The cycle restarts as the group's van arrives at the gas station at the beginning of the film. However this time Lyla from the previous cycle is still alive, and she hobbles towards her counterpart surprising her.

==Cast==
- Joseph Cross as Michael
- Briana Evigan as Lyla
- Ethan Peck as Guy
- Julianna Guill as Claire
- Rafi Gavron as Lex
- Alex Meraz as TJ
- Rebecca Da Costa as Rose
- Michael Guillod as Michael (Note: Likely crediting error – called "Matt" in the film's dialogue.)
- Lindsay Lamb as Sarah

- Notes

==Production==
The original story was written by Ross McQueen and was set in Australia. Director Richard Gray, who was living in Australia at the time, worked with McQueen to adapt it to a setting in the United States. Gray said that he was more influenced by Lord of the Flies than slasher films. In July 2011, Cross and Peck joined the cast, and the film was reported to begin shooting. The film was shot at Ape Cave in Gifford Pinchot National Forest and locations outside of Seattle, Washington. It went into post production in Los Angeles, California for an anticipated 2012 release. The film's crew consisted of a mixture of Australians and Americans, and the project was shot using the Red Epic camera.

==Release==
The film premiered in August 2012 at the Melbourne International Film Festival. Although originally set to be released in May 2014 in the United States, it was renamed to The Evil Within, renamed back to Mine Games, and delayed until September 2014. The delay was in part due to re-shooting the ending.

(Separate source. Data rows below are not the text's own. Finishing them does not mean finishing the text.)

context
  fixes s :: "'a \<Rightarrow> nat \<times> nat" and e :: "'a \<Rightarrow> nat"
  assumes pattern: "BI_pattern X I s" and inj: "inj_on (address s e) X"
begin

lemma vimage_finite_lines_in_ideal:
  assumes "\<And>j. finite {l. (i, j, l) \<in> B}"
  shows "{n\<in>X. address s e n \<in> B \<and> fst (s n) = i} \<in> I"
proof (rule BI_pattern_within_slice[OF pattern])
  fix j
  have "finite {n\<in>X. address s e n \<in> Pair i ` Pair j ` {l. (i, j, l) \<in> B}}"
    using assms by (intro finite_vimage_address inj) simp
  then show "finite ({n\<in>X. address s e n \<in> B \<and> fst (s n) = i} \<inter> cell X s i j)"
    by (rule finite_subset[rotated]) (auto simp: address_def cell_def prod_eq_iff)
qed (auto simp: slice_def)

lemma vimage_finite_slices_in_ideal:
  assumes "\<And>i. finite {(j, l). (i, j, l) \<in> B}"
  shows "{n\<in>X. address s e n \<in> B} \<in> I"
proof (rule BI_pattern_across_slices[OF pattern])
  fix i
  have "finite {n\<in>X. address s e n \<in> Pair i ` {(j, l). (i, j, l) \<in> B}}"
    using assms by (intro finite_vimage_address inj) simp
  then show "finite ({n\<in>X. address s e n \<in> B} \<inter> slice X s i)"
    by (rule finite_subset[rotated]) (auto simp: address_def slice_def)
qed auto

lemma vimage_BI_in_ideal:
  assumes "B \<in> BI"
  shows "{n\<in>X. address s e n \<in> B} \<in> I"
proof -
  obtain k where below_k: "\<And>i. i < k \<Longrightarrow> {(j, l). (i, j, l) \<in> B} \<in> Fin2"
    and above_k: "\<And>i. k \<le> i \<Longrightarrow> finite {(j, l). (i, j, l) \<in> B}"
    using assms unfolding BI_def by blast
  define J where "J i = {j. infinite {l. (i, j, l) \<in> B}}" for i
  define B_thin where "B_thin i = {p\<in>B. fst (snd p) \<notin> J i}" for i
  define B_high where "B_high = {p\<in>B. k \<le> fst p}"
  have "(\<Union>i<k. \<Union>j\<in>J i. cell X s i j) \<in> I"
    using below_k by (intro ideal_UN) (auto simp: J_def Fin2_def BI_pattern_cell_in_ideal[OF pattern])
  moreover have "(\<Union>i<k. {n\<in>X. address s e n \<in> B_thin i \<and> fst (s n) = i}) \<in> I"
    by (intro ideal_UN vimage_finite_lines_in_ideal) (auto simp: B_thin_def J_def)
  moreover have "{n\<in>X. address s e n \<in> B_high} \<in> I"
  proof (rule vimage_finite_slices_in_ideal)
    show "finite {(j, l). (i, j, l) \<in> B_high}" for i
      using above_k[of i] by (cases "k \<le> i") (auto simp: B_high_def)
  qed
  moreover have "{n\<in>X. address s e n \<in> B} \<subseteq> ((\<Union>i<k. \<Union>j\<in>J i. cell X s i j)
      \<union> (\<Union>i<k. {n\<in>X. address s e n \<in> B_thin i \<and> fst (s n) = i})) \<union> {n\<in>X. address s e n \<in> B_high}"
  proof
    fix n assume n: "n \<in> {n\<in>X. address s e n \<in> B}"
    then have "n \<in> cell X s (fst (s n)) (snd (s n))"
      by (simp add: cell_def)
    with n show "n \<in> ((\<Union>i<k. \<Union>j\<in>J i. cell X s i j)
        \<union> (\<Union>i<k. {n\<in>X. address s e n \<in> B_thin i \<and> fst (s n) = i})) \<union> {n\<in>X. address s e n \<in> B_high}"
      by (cases "k \<le> fst (s n)") (auto simp: address_def B_thin_def B_high_def)
  qed
  ultimately show ?thesis
    by (meson ideal_Un ideal_subset_Un)
qed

There are two versions of the film, the United Kingdom and United States versions, which feature some different actors.

==Reception==
Kwenton Bellette of Twitch Film wrote, "With such a great time travel horror thriller narrative that was advertised, Mine Games sadly comes off as nothing more than a poorly rehashed version of the masterful film Timecrimes or even Australian produced Triangle before it." Patrick Cooper of Bloody Disgusting rated it 1.5 out of 5 stars and wrote, "Time loops have been done better before (masterful even, in the case of Time Crimes). Mine Games wastes the perpetually interesting concept and delivers flat thrills and flaccid characters." Debi Moore of Dread Central rated it 3 out of 5 stars and wrote that the film starts off predictable but presents "a mind-bending series of twists and turns" that make it recommended.